任何一项法律制度都反映了立法者在制度价值上的认识。我国法定优先购买权制度的主要理论价值,在于“简化、消除既存的法律关系,使出卖物所有权主体单一化,以减少纠纷、降低交易成本,稳定经济生活秩序。”[13]具体而言,共有人优先购买权,限制了共有人数增加,简化了共有法律关系,促进物尽其用。房屋承租人优先购买权,一方面,缓解了个人住房短缺的社会问题,实现了社会秩序的稳定;另一方面,维护了承租人这一弱势群体的利益,彰显了立法者的人文关怀。公司法领域中,有限责任公司的人合性、封闭性特点需要公司在组织管理上保持一定的稳定性,赋予股东优先购买权是其应有之义。合伙人优先购买权的理论价值则体现于合伙组织的人合性与合伙财产的共有性之中。除了法定优先购买权制度的理论价值之外,笔者将在下文中继续探讨法定优先购买权制度的经济价值。
二、法定优先购买权制度的法经济学检视
法经济学(Legal Economics),又称法的经济分析,是20世纪60年代正式兴起的法学流派。作为一种法学方法,它跳脱出传统法学人的惯用思维,提供另一法律思考模式,即对法律的经济分析不是要解释法规的历史,而是要预测它的经济后果。也就是说,由于资源有限,法律追求不能只注重公平正义的成果,更需考量成本效率的付出,“只有建立在效率基础之上的公正,才真正昭示了法律之精神。”[14]基于此,笔者将从法经济学角度检视我国法定优先购买权制度的经济效用。
(一)交易不发生
法定优先购买权制度的当事人包括出卖人(标的物所有人)、优先购买权人(以下简称“权利人”)及第三人。从第三人交易成本沉没、权利人具有资讯优势以及权利人对标的物具有特殊价值三个方面看,法定优先购买权制度将在一定程度上阻碍第三人加入交易,从而导致交易失灵。
1.第三人交易成本沉没
科斯定理(Coase theorem)阐释了交易成本对资源利用的影响,当交易成本为零时,无论产权如何界定,资源的运用都会达到最有效率的状态,即帕累托最优(Pareto Optimality)。这一交易成本理论为法律的有效实施和高效率法律的制定评估设定了方法论的起点。[15]法定优先购买权制度使得出卖人与第三人的交易可能性降低,致使第三人的交易成本可能沉没,因而怯于参与交易,不利于标的物的市场化流转。具体而言:
首先,在现实生活中,交易成本无处不在,并且不可避免。就法定优先购买权制度而言,第三人与出卖人围绕标的物进行磋商,各种经济成本随之产生。在准备缔约阶段,为找寻适当的标的物,调查所有人状态和标的物信息,评估标的物价值等,第三人会产生“搜寻与资讯成本”;在签订合同时,第三人与出卖人谈判磋商标的物买卖事宜,就交易条件讨价还价,甚至还需要聘请律师草拟合同,进行合同公证等,会产生“谈判与决策成本”。[16]而且,无论第三人与出卖人之间的交易是否成功,第三人的交易成本均不能避免。因为法定优先购买权行使条件之一是“出卖人和第三人已经订立买卖契约”,[17]也就是说,第三人和出卖人只有先支出交易成本达成协议,才会触发优先购买权,否则权利人因为“同等条件”无法确定,实际上无法行使权利。

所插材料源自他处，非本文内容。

lemma AE_Z_var_lacunary_series:
  fixes \<phi> :: "real \<Rightarrow> real"
  assumes "b > 0"
    and H: "\<forall>x\<in>{0..1}. \<forall>y\<in>{0..1}. \<bar>\<phi> x - \<phi> y\<bar> \<le> C * \<bar>x - y\<bar> powr \<gamma>"
    and "\<phi> 0 = \<phi> 1" and "0 < \<gamma>"
    and "real b powr - \<gamma> < \<alpha>" and "\<bar>\<beta>\<bar> < \<alpha>" and "\<alpha> \<le> 1"
  shows "AE \<omega> in digit_space b.
           Z_var b \<alpha> (lacunary_series b \<beta> \<phi>) \<omega> = Z_var b \<alpha> \<phi> \<omega> * (\<Sum>k. (\<beta> / \<alpha>) ^ k)"
  using AE_digit_space_digits_less[OF \<open>b > 0\<close>]
  by eventually_elim (use assms in \<open>auto intro!: Z_var_lacunary_series[OF _ H]\<close>)

theorem propositionA4:
  fixes \<phi> :: "real \<Rightarrow> real" and b :: nat and \<alpha> \<beta> \<gamma> :: real
  assumes "b \<ge> 2"
    and "0 < \<gamma>" "\<gamma> \<le> 1"
    and "holder_on_unit \<gamma> \<phi>"
    and "\<phi> 0 = \<phi> 1"
    and "real b powr (-\<gamma>) < \<alpha>" "\<alpha> < 1"
    and "valid_base_function b \<alpha> \<phi>"
    and "0 < \<beta>" "\<beta> < real b powr (-\<gamma>)"
  shows "valid_base_function b \<alpha> (\<lambda>t. \<Sum>m. \<beta> ^ m * \<phi> (frac (real b ^ m * t)))"
proof -
  obtain C where H: "\<forall>x\<in>{0..1}. \<forall>y\<in>{0..1}. \<bar>\<phi> x - \<phi> y\<bar> \<le> C * \<bar>x - y\<bar> powr \<gamma>"
    using assms(4) unfolding holder_on_unit_def by blast
  have b: "b > 0" and "0 < real b powr \<gamma>"
    using assms(1) by simp_all
  then have "\<beta> * real b powr \<gamma> < 1" "1 < \<alpha> * real b powr \<gamma>"
    using assms(6,10) by (simp_all add: powr_minus field_simps)
  have geometric: "(\<Sum>k. (\<beta> / \<alpha>) ^ k) \<noteq> 0"
    using assms(6,9,10) by (simp add: suminf_geometric)
  have Z_eq: "AE \<omega> in digit_space b.
      Z_var b \<alpha> (lacunary_series b \<beta> \<phi>) \<omega> = Z_var b \<alpha> \<phi> \<omega> * (\<Sum>k. (\<beta> / \<alpha>) ^ k)"
    using assms by (intro AE_Z_var_lacunary_series[OF b H]) auto
  have "\<not> (AE \<omega> in digit_space b. Z_var b \<alpha> (lacunary_series b \<beta> \<phi>) \<omega> = 0)"
  proof
    assume "AE \<omega> in digit_space b. Z_var b \<alpha> (lacunary_series b \<beta> \<phi>) \<omega> = 0"
    with Z_eq have "AE \<omega> in digit_space b. Z_var b \<alpha> \<phi> \<omega> = 0"
      by eventually_elim (use geometric in auto)
    with assms(8) show False
      unfolding valid_base_function_def by blast
  qed
  moreover have "holder_on_unit \<gamma> (lacunary_series b \<beta> \<phi>)"
    using holder_on_unit_lacunary_series[OF H] assms b \<open>\<beta> * real b powr \<gamma> < 1\<close> by simp
  ultimately have "valid_base_function b \<alpha> (lacunary_series b \<beta> \<phi>)"
    unfolding valid_base_function_def
    using assms(2,3,7) \<open>1 < \<alpha> * real b powr \<gamma>\<close> lacunary_series_0_eq_1 by blast
  then show ?thesis
    unfolding lacunary_series_def[abs_def] .
qed

end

其次,第三人交易成本的沉没,很可能阻却其参与交易。法定优先购买权的存在,使得出卖人与第三人的交易能否成功完全基于权利人一念之间,这种不确定性违背了正常交易当中的可预见性,构成了第三人决定是否交易的一大重要障碍。除此以外,在财产的流转过程中,实施权利转让的成本(即交易成本)过高往往对这种流转起着抑制作用。[18]权利人一旦主张优先购买,第三人与出卖人之间的交易便会陷入失败,此时,第三人还要独自承担先合同成本的损失,到头来也只是“为他人做嫁衣”。我国现行法律既没有规定任何人有义务给予“交易落空”的第三人赔偿,也没有规定第三人可以从权利人和出卖人交易成功的报酬中获得补偿。第三人作为市场交易中理性的“经济人”,权衡这些无法回收且无法转为他用的成本,自然极有可能被“吓退”,使得标的物难以流入市场,丧失其该有的流通性。当然,第三人也有可能为了避免交易成本的损失,故意抬高出价,希望以此阻止权利人主张优先购买。但此时,第三人的交易成本也相应提高,出卖人未付出任何努力便于无形中增加获利,这并不公平,也非第三人的理性选择。
再者,如果要求出卖人对第三人失去的成本进行补偿,会造成新的社会问题。若法律要求出卖人向第三人补偿其损失的交易成本,虽然有效规避了第三人怯于出价或是不合理出价的后果,但第三人先合同成本实在难以准确计量,这种不确定性会继续引发出卖人与第三人之间就补偿数额的多少而产生的新纠纷。因此,笔者认为,要求出卖人对第三人进行补偿的做法并不可取。
2.权利人具有资讯优势
在第三人与权利人之间的竞价中,权利人的资讯优势首先体现在其对标的物的了解程度上,这也恰恰影响了第三人的预期回报及其进入交易的意愿。这种资讯优势的多少与标的物的流通度、透明度有关。例如,有限责任公司股东可以充分利用内部优势对本公司股份价值进行准确评估。无论公司对外(包含第三方)披露的信息如何详尽,内部股东(权利人)始终处于优势地位,这一点恰如内幕交易会减少第三人投资的有效回报一样。[19]在承租人优先购买权制度中,承租人(权利人)比第三人更了解房屋的真实情况,若承租人知道标的物实际价值高于第三人的出价,承租人便会主张“同等条件”下优先购买;相反,如果承租人知道标的物实际价值低于第三人的出价,承租人将不会行使权利。那么,理性的第三人自然会认为,若其能够成功购得标的物,则证明标的物的实际价值很可能较低,其自身对标的物的价值作出了错误的评估导致“错买”,因此,第三人会对此交易报以慎重的心态。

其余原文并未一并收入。